How important is it that you have a clearly defined market niche for your professional services? Can’t you simply make yourself available to work for anyone who might need you? Doesn’t having a niche limit you to serving only a small portion of possible clients? Why would you want to rule out any possible sources of business? Discovering the answers to these questions can have a powerful impact on the success or failure of your business.

Target market

When you have a market niche, it defines either your target market — who you wish to target as prospective clients -– or your professional specialty –- the services you specialize in providing within the broader scope of your profession. The most effective niches define both these elements.

For example, a graphic designer could have the target market of the financial services industry and the specialty of customer communications. A career coach could target the legal industry and specialize in helping lawyers experiencing burnout.

But when you don’t define a specific market niche, by default, you are marketing to everyone and anyone. And that takes an endless amount of time and energy -– resources that are probably already in short supply.

Consider the difference between the sun and a laser beam. The sun’s rays shine everywhere, reaching everyone and everything without discrimination, but this takes an enormous output of energy. A laser beam, on the other hand, points at only one thing at a time, but a tiny bit of energy can focus and direct it exactly where you choose.

Since you only have a limited amount of time, money, and attention to devote to marketing, wouldn’t it be better to spend it pointing your efforts directly toward the prospects most likely to become your clients?

Many professionals, especially those newer in business, fear that choosing a niche will limit them in some way, because it reduces the number of potential clients they might serve. But as a solo professional or small professional services firm, you don’t need millions of clients, or even tens of thousands. Over the course of a year, you might only need a few dozen, or even less. It would be rare indeed to select a niche that was so small it couldn’t yield enough clients with numbers as low as those.

Instead of limiting you, what choosing a niche does is focus you. Just like pointing a laser beam, it allows you to direct your marketing efforts exactly where they need to go.

To understand this better, imagine any specific marketing tactic you might employ, say, attending networking events. Without a defined market niche, how do you choose what events to go to? How do you even know where to look for events that clients might attend? What do you say to the people you meet at these events about who you serve and how you help them? How do you determine which people at an event you should spend time getting to know, or to follow up with afterward?

When you haven’t defined a niche, your chances of making the right marketing decisions are often little better than if you were throwing darts.

It sometimes seems as if you might be able to avoid making a decision about your niche by simply making your services “available” and not actively marketing at all. For example, you could rely on your website, directory listings, social networking profiles, ads, flyers, etc., to bring you business.

But even this sort of passive marketing requires a niche to be effective. When an executive woman surfs the web looking for a financial planner, will she choose one who serves everyone, or one who specializes in helping executive women? When a corporate buyer looks up copywriters in an industry directory, will he contact one who does all kinds of copywriting, or one who stresses experience in the buyer’s industry?
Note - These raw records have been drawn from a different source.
(* Let $(X_n)$ be i.i.d. non-lattice real random variables distributed as $X$ with $\mathbb{P}(X<0)>0$, and let $(Y_n)$ be i.i.d., independent of $(X_n)$, with $\mathbb{P}(Y_1=1)=p=1-\mathbb{P}(Y_1=-1)$, $p\in[0,1)$. Assume $X\in\mathcal{S}(\gamma)$ for some $\gamma>0$ and $\varphi(\gamma)=\mathbb{E}[e^{\gamma X}]<1/p$. Let $W$ have the stationary distribution of $W_{n+1}=(Y_nW_n+X_n)^+$, i.e. $W\stackrel{D}{=}(YW+X)^+$ with $W,Y,X$ independent. Let $E_\gamma$ be exponential with parameter $\gamma$, with $X,W,E_\gamma$ independent. Then \[\mathbb{P}(W>x)\sim C_\gamma\,\mathbb{P}(X>x)\quad(x\to\infty),\] where \[C_\gamma=\frac{(1-p)p}{(1-p\varphi(\gamma))^2}\Big[\mathbb{P}(X-W+E_\gamma\le0)+\frac{p}{1-p}\mathbb{P}(X+W+E_\gamma\le0)\Big]+\frac{1-p}{(1-p\varphi(\gamma))^2}\mathbb{E}[e^{-\gamma W}].\]
   Context: $X\in\mathcal{S}(\gamma)$ means: $\mathbb{P}(X>x+y)/\mathbb{P}(X>x)\to e^{-\gamma y}$ as $x\to\infty$ for each fixed $y$, and $\mathbb{P}(X_1+X_2>x)\sim 2\mathbb{E}[e^{\gamma X}]\mathbb{P}(X>x)$ for independent copies $X_1,X_2$. $f\sim g$ means $f(x)/g(x)\to1$. *)

theory Defs
  imports "HOL-Probability.Probability" "HOL-Library.Landau_Symbols"
begin

definition lattice_law :: "real measure \<Rightarrow> bool" where
  "lattice_law \<mu> \<longleftrightarrow>
     (\<exists>a h. h > 0 \<and> measure \<mu> {x. \<exists>k::int. x = a + of_int k * h} = 1)"

definition class_S :: "real \<Rightarrow> real measure \<Rightarrow> bool" where
  "class_S \<gamma> \<mu> \<longleftrightarrow>
     (\<forall>y. ((\<lambda>x. measure \<mu> {x + y<..} / measure \<mu> {x<..}) \<longlongrightarrow> exp (- \<gamma> * y)) at_top)
     \<and> integrable \<mu> (\<lambda>x. exp (\<gamma> * x))
     \<and> (\<lambda>x. measure (\<mu> \<star> \<mu>) {x<..})
         \<sim>[at_top] (\<lambda>x. 2 * (\<integral>t. exp (\<gamma> * t) \<partial>\<mu>) * measure \<mu> {x<..})"

end

theory Submission
  imports Defs
begin

text \<open>Write \<open>G(x) = P(X > x)\<close> and \<open>F(x) = P(W > x)\<close>. Stationarity gives, for \<open>x \<ge> 0\<close>,
  \<open>F(x) = p P(W + X > x) + (1 - p) P(X - W > x)\<close>.

  First, \<open>F \<le> \<alpha> G\<close> for some \<alpha>: by a Kesten-type bound for \<open>S(\<gamma>)\<close> laws such a bound, once
  \<open>\<alpha>\<close> is large, is preserved by one step of the recursion (here \<open>p \<phi>(\<gamma>) < 1\<close> is used), so it
  holds for all iterates started at \<open>0\<close>; these converge to the stationary law since the event
  \<open>{Y = -1, X \<le> 0}\<close>, of positive probability, resets the recursion to \<open>0\<close>.

  Next, splitting \<open>P(W + X > x)\<close> according to whether \<open>W\<close> or \<open>X\<close> exceeds a level \<open>A\<close> and using the
  \<open>S(\<gamma>)\<close> property, the liminf of \<open>F/G\<close> is at least, and its limsup at most,
  \<open>p r \<phi>(\<gamma>) + p E[e\<^sup>\<gamma>\<^sup>W] + (1 - p) E[e\<^sup>-\<^sup>\<gamma>\<^sup>W]\<close> with \<open>r\<close> the liminf, resp. limsup.
  Since \<open>p \<phi>(\<gamma>) < 1\<close> both equal \<open>(p E[e\<^sup>\<gamma>\<^sup>W] + (1 - p) E[e\<^sup>-\<^sup>\<gamma>\<^sup>W]) / (1 - p \<phi>(\<gamma>))\<close>.

  Finally, \<open>E[e\<^sup>\<gamma>\<^sup>Z\<^sup>+] = E[e\<^sup>\<gamma>\<^sup>Z] + P(Z + E\<^sub>\<gamma> \<le> 0)\<close> turns the stationary equation into an
  identity for \<open>E[e\<^sup>\<gamma>\<^sup>W]\<close>, which rewrites this constant as \<open>C\<^sub>\<gamma>\<close>.\<close>

lemma measure_pair_measure_eq_integral_Pair:
  assumes "prob_space A" "prob_space B" and S: "S \<in> sets (A \<Otimes>\<^sub>M B)"
  shows "measure (A \<Otimes>\<^sub>M B) S = (\<integral>x. measure B (Pair x -` S) \<partial>A)"
    and "integrable A (\<lambda>x. measure B (Pair x -` S))"
proof -
  interpret A: prob_space A by fact
  interpret B: prob_space B by fact
  interpret pair_prob_space A B ..
  have int: "integrable (A \<Otimes>\<^sub>M B) (\<lambda>(x, y). indicator S (x, y) :: real)"
    using integrable_indicator[OF S, of 1] S by (simp add: less_top[symmetric])
  have slice: "(\<integral>y. (indicator S (x, y) :: real) \<partial>B) = measure B (Pair x -` S)" for x
  proof -
    have "(\<lambda>y. indicator S (x, y) :: real) = indicator (Pair x -` S)"
      by (auto simp: indicator_def)
    moreover have "Pair x -` S \<inter> space B = Pair x -` S"
      using sets.sets_into_space[OF sets_Pair1[OF S, of x]] by auto
    ultimately show ?thesis by simp
  qed
  have "measure (A \<Otimes>\<^sub>M B) S = (\<integral>z. indicator S z \<partial>(A \<Otimes>\<^sub>M B))"
    using sets.sets_into_space[OF S] by (simp add: Int_absorb2)
  also have "\<dots> = (\<integral>x. \<integral>y. (indicator S (x, y) :: real) \<partial>B \<partial>A)"
    using integral_fst[of "\<lambda>x y. indicator S (x, y) :: real"] int by simp
  finally show "measure (A \<Otimes>\<^sub>M B) S = (\<integral>x. measure B (Pair x -` S) \<partial>A)"
    unfolding slice .
  have "integrable A (\<lambda>x. \<integral>y. (indicator S (x, y) :: real) \<partial>B)"
    using integrable_fst[of "\<lambda>x y. indicator S (x, y) :: real"] int by simp
  then show "integrable A (\<lambda>x. measure B (Pair x -` S))" unfolding slice .
qed

lemma measure_pair_measure_eq_integral_Pair':
  assumes "prob_space A" "prob_space B" and S: "S \<in> sets (A \<Otimes>\<^sub>M B)"
  shows "measure (A \<Otimes>\<^sub>M B) S = (\<integral>y. measure A ((\<lambda>x. (x, y)) -` S) \<partial>B)"
    and "integrable B (\<lambda>y. measure A ((\<lambda>x. (x, y)) -` S))"
proof -
  interpret A: prob_space A by fact
  interpret B: prob_space B by fact
  interpret pair_prob_space A B ..
  have int: "integrable (A \<Otimes>\<^sub>M B) (\<lambda>(x, y). indicator S (x, y) :: real)"
    using integrable_indicator[OF S, of 1] S by (simp add: less_top[symmetric])
  have slice: "(\<integral>x. (indicator S (x, y) :: real) \<partial>A) = measure A ((\<lambda>x. (x, y)) -` S)" for y
  proof -
    have "(\<lambda>x. indicator S (x, y) :: real) = indicator ((\<lambda>x. (x, y)) -` S)"
      by (auto simp: indicator_def)
    moreover have "(\<lambda>x. (x, y)) -` S \<inter> space A = (\<lambda>x. (x, y)) -` S"
      using sets.sets_into_space[OF sets_Pair2[OF S, of y]] by auto
    ultimately show ?thesis by simp
  qed
  have "measure (A \<Otimes>\<^sub>M B) S = (\<integral>z. indicator S z \<partial>(A \<Otimes>\<^sub>M B))"
    using sets.sets_into_space[OF S] by (simp add: Int_absorb2)
  also have "\<dots> = (\<integral>y. \<integral>x. (indicator S (x, y) :: real) \<partial>A \<partial>B)"
    using integral_snd[OF int] by simp
  finally show "measure (A \<Otimes>\<^sub>M B) S = (\<integral>y. measure A ((\<lambda>x. (x, y)) -` S) \<partial>B)"
    unfolding slice .
  have "integrable B (\<lambda>y. \<integral>x. (indicator S (x, y) :: real) \<partial>A)"
    using integrable_snd[OF int] by simp
  then show "integrable B (\<lambda>y. measure A ((\<lambda>x. (x, y)) -` S))" unfolding slice .
qed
Choosing a market niche allows you to not only seek out prospective clients through personal outreach like networking, referral-building, and phone calls, it allows you to attract them through online visibility and other less personal means. This is because having a niche makes it possible to craft messages that speak directly to the wants and needs of your target clients. Without a niche, you can only make generic statements that will attract no one.

So don’t be fooled into thinking that the best way to get clients is to offer to serve anyone. Your prospective clients don’t think of themselves as “anyone.” They consider themselves to be unique individuals with very specific needs, and they want to be served by a professional who not only understands that, but is truly dedicated to helping people just like them.

Once you limit your marketing focus to a particular kind of client and/or a defined specialty, you may be pleasantly surprised by how much easier marketing becomes. You’ll find it easier to talk with people about your business, easier to write about it, and easier to decide where to go and what to do to market yourself. And you’ll probably also find that your marketing will begin to produce results with considerably less effort.